Data to examine START

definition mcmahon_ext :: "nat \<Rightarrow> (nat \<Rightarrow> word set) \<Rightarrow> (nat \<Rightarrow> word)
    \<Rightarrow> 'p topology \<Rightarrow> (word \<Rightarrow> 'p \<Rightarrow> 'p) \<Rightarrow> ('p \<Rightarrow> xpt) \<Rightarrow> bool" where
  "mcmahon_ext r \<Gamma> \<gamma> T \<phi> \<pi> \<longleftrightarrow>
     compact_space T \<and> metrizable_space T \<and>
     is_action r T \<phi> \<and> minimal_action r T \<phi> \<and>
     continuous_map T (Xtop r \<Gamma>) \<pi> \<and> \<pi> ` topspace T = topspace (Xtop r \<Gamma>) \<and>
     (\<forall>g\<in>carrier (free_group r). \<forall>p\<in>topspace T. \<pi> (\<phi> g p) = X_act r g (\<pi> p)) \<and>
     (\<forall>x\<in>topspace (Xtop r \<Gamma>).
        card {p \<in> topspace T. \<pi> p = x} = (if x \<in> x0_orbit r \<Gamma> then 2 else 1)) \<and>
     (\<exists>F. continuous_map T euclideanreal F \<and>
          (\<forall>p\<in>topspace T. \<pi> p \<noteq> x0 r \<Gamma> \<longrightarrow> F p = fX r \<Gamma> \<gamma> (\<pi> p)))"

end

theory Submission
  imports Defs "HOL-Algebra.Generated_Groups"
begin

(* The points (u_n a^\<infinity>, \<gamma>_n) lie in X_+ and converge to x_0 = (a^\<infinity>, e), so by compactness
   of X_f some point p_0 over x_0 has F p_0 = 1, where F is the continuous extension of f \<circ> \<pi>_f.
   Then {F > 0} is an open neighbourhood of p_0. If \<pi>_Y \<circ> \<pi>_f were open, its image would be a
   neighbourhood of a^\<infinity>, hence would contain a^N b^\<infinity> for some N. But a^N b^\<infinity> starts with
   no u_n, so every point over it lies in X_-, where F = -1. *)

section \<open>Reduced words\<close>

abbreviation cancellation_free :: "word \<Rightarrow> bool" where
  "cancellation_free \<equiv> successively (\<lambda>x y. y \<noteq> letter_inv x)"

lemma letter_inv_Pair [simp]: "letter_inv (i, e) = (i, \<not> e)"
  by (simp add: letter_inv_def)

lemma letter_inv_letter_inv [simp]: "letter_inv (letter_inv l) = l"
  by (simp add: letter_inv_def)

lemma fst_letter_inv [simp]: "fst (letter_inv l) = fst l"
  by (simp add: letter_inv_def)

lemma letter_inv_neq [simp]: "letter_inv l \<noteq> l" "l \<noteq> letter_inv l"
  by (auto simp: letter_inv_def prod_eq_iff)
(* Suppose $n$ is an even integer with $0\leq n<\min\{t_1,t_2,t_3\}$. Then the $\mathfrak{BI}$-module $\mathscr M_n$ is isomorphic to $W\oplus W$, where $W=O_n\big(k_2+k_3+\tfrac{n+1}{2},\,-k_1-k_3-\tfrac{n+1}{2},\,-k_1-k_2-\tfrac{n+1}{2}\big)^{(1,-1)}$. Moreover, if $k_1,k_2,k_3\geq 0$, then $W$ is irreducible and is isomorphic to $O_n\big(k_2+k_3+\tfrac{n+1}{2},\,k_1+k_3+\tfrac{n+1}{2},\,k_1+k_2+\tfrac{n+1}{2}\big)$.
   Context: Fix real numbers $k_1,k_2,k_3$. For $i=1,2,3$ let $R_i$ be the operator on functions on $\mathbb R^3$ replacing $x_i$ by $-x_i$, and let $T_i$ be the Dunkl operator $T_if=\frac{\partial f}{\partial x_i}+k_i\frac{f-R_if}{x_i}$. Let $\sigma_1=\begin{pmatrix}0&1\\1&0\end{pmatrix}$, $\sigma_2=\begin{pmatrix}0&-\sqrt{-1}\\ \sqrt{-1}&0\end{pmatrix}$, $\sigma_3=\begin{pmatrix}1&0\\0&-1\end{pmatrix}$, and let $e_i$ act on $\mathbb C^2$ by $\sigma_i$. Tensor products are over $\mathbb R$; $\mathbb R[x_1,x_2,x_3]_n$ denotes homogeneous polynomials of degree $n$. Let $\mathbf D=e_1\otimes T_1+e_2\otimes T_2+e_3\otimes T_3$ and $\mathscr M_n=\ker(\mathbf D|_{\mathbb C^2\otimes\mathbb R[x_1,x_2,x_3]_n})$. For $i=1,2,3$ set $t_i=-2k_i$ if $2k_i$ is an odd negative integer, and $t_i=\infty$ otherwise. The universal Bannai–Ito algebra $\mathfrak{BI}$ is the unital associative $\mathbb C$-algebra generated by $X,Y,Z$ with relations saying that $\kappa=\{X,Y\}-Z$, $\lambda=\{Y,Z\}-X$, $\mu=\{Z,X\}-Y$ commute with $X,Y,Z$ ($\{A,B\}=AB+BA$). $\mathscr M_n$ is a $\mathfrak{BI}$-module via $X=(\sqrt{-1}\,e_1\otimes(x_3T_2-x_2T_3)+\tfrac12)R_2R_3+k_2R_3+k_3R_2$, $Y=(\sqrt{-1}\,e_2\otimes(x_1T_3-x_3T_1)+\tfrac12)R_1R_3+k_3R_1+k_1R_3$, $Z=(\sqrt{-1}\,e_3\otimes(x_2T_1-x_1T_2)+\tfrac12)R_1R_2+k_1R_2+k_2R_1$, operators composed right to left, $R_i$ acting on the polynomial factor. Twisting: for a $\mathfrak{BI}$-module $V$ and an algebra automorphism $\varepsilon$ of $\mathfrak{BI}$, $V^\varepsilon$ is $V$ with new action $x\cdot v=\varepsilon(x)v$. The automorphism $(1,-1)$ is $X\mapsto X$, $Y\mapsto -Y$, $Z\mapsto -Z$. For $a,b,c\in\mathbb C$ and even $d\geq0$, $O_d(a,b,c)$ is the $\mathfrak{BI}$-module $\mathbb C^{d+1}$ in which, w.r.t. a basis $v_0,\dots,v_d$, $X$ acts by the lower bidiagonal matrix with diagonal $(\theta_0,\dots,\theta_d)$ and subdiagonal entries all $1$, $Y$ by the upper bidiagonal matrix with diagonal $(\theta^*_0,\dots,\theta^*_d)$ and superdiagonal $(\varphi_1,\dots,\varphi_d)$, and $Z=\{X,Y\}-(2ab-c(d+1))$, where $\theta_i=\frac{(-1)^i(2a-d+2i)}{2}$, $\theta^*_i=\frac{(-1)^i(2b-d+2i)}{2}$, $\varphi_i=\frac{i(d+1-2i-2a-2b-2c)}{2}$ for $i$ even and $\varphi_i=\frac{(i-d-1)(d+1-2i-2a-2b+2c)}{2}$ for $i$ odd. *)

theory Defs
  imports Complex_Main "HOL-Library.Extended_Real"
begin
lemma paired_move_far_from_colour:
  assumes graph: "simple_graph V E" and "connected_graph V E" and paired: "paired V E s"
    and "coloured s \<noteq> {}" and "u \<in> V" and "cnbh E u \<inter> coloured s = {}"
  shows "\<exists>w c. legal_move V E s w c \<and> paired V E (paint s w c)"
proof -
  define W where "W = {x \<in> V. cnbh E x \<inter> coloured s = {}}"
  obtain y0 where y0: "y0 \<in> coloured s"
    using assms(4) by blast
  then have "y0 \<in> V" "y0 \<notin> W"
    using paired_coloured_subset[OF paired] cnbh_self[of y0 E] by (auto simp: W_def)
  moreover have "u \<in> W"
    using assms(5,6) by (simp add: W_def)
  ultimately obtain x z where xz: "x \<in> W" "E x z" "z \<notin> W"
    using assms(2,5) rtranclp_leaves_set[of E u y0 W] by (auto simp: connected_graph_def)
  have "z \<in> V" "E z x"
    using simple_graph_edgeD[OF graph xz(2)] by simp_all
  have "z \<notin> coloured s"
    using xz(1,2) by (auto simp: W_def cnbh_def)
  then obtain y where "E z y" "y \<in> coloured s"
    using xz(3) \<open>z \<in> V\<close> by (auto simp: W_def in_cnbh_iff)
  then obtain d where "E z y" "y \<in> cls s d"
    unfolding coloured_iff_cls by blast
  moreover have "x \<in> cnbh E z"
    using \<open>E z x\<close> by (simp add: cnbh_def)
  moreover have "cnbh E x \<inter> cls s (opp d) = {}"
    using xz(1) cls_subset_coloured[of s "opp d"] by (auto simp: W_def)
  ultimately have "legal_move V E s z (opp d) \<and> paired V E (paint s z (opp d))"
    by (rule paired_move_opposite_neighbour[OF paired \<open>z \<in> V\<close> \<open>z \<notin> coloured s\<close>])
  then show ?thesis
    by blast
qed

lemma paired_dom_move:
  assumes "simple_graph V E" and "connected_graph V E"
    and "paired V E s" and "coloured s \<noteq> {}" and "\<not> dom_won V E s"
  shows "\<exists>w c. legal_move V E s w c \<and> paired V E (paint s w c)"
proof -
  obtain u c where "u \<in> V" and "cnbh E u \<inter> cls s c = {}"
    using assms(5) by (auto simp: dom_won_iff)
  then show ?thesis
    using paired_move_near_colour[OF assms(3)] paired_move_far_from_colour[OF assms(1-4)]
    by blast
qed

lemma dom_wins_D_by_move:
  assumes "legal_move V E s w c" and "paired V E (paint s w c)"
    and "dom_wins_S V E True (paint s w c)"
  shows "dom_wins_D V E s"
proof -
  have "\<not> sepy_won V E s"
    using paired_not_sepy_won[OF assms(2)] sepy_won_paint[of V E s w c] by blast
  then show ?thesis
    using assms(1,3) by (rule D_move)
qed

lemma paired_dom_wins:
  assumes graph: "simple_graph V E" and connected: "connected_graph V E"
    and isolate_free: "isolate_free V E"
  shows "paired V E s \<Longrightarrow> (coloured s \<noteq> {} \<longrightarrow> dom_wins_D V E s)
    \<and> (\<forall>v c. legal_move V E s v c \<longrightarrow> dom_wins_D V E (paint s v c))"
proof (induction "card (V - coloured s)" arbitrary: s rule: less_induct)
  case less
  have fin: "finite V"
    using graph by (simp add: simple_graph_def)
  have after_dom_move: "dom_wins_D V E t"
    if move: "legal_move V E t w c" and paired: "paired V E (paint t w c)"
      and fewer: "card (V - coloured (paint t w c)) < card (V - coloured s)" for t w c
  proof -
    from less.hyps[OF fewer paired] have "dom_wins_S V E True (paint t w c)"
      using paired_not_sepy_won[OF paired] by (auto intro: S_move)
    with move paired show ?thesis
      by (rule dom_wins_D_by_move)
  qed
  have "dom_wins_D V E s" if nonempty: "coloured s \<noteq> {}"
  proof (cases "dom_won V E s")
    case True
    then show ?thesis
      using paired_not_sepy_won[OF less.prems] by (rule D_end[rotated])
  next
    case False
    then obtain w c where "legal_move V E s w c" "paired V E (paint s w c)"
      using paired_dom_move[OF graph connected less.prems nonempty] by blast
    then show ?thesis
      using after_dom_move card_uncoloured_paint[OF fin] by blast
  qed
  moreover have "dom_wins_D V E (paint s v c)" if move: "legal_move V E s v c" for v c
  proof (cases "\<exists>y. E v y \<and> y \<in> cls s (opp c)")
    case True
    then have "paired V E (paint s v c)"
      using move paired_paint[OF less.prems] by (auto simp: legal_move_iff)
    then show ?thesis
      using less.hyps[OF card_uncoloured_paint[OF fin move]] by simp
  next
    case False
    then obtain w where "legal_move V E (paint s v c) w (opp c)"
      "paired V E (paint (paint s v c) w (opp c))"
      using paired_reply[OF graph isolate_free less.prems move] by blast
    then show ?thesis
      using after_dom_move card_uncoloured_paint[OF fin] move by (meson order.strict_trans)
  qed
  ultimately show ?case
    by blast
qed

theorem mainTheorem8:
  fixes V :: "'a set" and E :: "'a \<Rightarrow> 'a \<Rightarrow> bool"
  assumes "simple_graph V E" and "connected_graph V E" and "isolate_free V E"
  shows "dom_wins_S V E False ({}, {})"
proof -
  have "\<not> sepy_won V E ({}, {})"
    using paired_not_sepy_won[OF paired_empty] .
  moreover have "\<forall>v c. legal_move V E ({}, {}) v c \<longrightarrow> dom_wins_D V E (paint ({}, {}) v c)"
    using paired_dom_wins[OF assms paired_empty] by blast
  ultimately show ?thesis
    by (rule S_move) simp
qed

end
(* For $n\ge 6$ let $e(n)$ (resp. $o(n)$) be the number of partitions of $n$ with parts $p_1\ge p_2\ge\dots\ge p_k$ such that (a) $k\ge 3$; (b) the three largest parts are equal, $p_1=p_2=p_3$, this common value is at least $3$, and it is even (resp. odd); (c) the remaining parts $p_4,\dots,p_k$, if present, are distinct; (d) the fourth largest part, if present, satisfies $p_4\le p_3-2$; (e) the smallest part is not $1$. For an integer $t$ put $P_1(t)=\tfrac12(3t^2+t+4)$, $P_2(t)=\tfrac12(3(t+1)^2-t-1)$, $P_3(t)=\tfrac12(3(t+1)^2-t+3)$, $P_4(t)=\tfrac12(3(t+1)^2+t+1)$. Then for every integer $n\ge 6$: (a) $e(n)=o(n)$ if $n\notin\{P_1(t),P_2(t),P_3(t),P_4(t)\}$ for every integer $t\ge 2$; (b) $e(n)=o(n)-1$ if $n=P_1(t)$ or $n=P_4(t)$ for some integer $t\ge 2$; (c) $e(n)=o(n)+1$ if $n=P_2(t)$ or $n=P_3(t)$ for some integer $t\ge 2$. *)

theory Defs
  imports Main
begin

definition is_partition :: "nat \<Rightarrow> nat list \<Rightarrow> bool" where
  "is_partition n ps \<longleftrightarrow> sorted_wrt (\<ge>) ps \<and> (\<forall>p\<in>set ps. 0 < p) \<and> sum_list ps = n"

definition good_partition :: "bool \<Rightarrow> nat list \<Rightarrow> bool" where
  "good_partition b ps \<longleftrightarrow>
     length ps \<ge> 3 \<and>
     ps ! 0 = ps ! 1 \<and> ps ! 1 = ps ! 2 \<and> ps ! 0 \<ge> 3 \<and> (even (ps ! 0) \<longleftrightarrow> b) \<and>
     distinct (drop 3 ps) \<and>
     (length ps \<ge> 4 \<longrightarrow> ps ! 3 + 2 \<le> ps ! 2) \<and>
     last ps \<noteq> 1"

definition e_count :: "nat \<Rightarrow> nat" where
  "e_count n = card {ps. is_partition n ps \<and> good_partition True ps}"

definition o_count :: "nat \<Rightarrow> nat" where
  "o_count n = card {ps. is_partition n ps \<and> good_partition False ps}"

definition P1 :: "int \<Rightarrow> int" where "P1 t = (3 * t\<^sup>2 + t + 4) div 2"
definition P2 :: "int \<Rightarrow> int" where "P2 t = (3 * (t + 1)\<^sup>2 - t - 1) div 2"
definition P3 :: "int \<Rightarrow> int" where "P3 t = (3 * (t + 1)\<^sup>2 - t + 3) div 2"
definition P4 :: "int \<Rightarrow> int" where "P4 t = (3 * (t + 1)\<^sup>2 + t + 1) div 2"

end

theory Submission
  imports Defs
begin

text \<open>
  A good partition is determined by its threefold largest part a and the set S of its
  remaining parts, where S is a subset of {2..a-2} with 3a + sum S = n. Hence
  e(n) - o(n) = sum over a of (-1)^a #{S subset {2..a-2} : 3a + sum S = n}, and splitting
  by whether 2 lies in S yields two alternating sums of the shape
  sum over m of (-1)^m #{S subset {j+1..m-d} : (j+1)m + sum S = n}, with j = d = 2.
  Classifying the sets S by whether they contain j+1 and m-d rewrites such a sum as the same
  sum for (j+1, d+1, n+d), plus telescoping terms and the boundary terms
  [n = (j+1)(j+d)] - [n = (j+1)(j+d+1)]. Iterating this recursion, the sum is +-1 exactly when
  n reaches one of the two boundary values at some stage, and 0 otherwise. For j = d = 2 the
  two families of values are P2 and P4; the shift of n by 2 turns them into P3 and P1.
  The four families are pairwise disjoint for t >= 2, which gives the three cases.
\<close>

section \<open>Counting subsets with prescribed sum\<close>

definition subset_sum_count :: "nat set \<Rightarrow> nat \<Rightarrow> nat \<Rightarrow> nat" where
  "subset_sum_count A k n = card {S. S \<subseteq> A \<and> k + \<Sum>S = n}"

Data to examine END

What is needed>
Print exactly the lines above, starting at the line that contains "length ps \<ge> 3 \<and>" and ending with the last line of the records, both included.

Solution for this task>
     length ps \<ge> 3 \<and>
     ps ! 0 = ps ! 1 \<and> ps ! 1 = ps ! 2 \<and> ps ! 0 \<ge> 3 \<and> (even (ps ! 0) \<longleftrightarrow> b) \<and>
     distinct (drop 3 ps) \<and>
     (length ps \<ge> 4 \<longrightarrow> ps ! 3 + 2 \<le> ps ! 2) \<and>
     last ps \<noteq> 1"

definition e_count :: "nat \<Rightarrow> nat" where
  "e_count n = card {ps. is_partition n ps \<and> good_partition True ps}"

definition o_count :: "nat \<Rightarrow> nat" where
  "o_count n = card {ps. is_partition n ps \<and> good_partition False ps}"

definition P1 :: "int \<Rightarrow> int" where "P1 t = (3 * t\<^sup>2 + t + 4) div 2"
definition P2 :: "int \<Rightarrow> int" where "P2 t = (3 * (t + 1)\<^sup>2 - t - 1) div 2"
definition P3 :: "int \<Rightarrow> int" where "P3 t = (3 * (t + 1)\<^sup>2 - t + 3) div 2"
definition P4 :: "int \<Rightarrow> int" where "P4 t = (3 * (t + 1)\<^sup>2 + t + 1) div 2"

end

theory Submission
  imports Defs
begin

text \<open>
  A good partition is determined by its threefold largest part a and the set S of its
  remaining parts, where S is a subset of {2..a-2} with 3a + sum S = n. Hence
  e(n) - o(n) = sum over a of (-1)^a #{S subset {2..a-2} : 3a + sum S = n}, and splitting
  by whether 2 lies in S yields two alternating sums of the shape
  sum over m of (-1)^m #{S subset {j+1..m-d} : (j+1)m + sum S = n}, with j = d = 2.
  Classifying the sets S by whether they contain j+1 and m-d rewrites such a sum as the same
  sum for (j+1, d+1, n+d), plus telescoping terms and the boundary terms
  [n = (j+1)(j+d)] - [n = (j+1)(j+d+1)]. Iterating this recursion, the sum is +-1 exactly when
  n reaches one of the two boundary values at some stage, and 0 otherwise. For j = d = 2 the
  two families of values are P2 and P4; the shift of n by 2 turns them into P3 and P1.
  The four families are pairwise disjoint for t >= 2, which gives the three cases.
\<close>

section \<open>Counting subsets with prescribed sum\<close>

definition subset_sum_count :: "nat set \<Rightarrow> nat \<Rightarrow> nat \<Rightarrow> nat" where
  "subset_sum_count A k n = card {S. S \<subseteq> A \<and> k + \<Sum>S = n}"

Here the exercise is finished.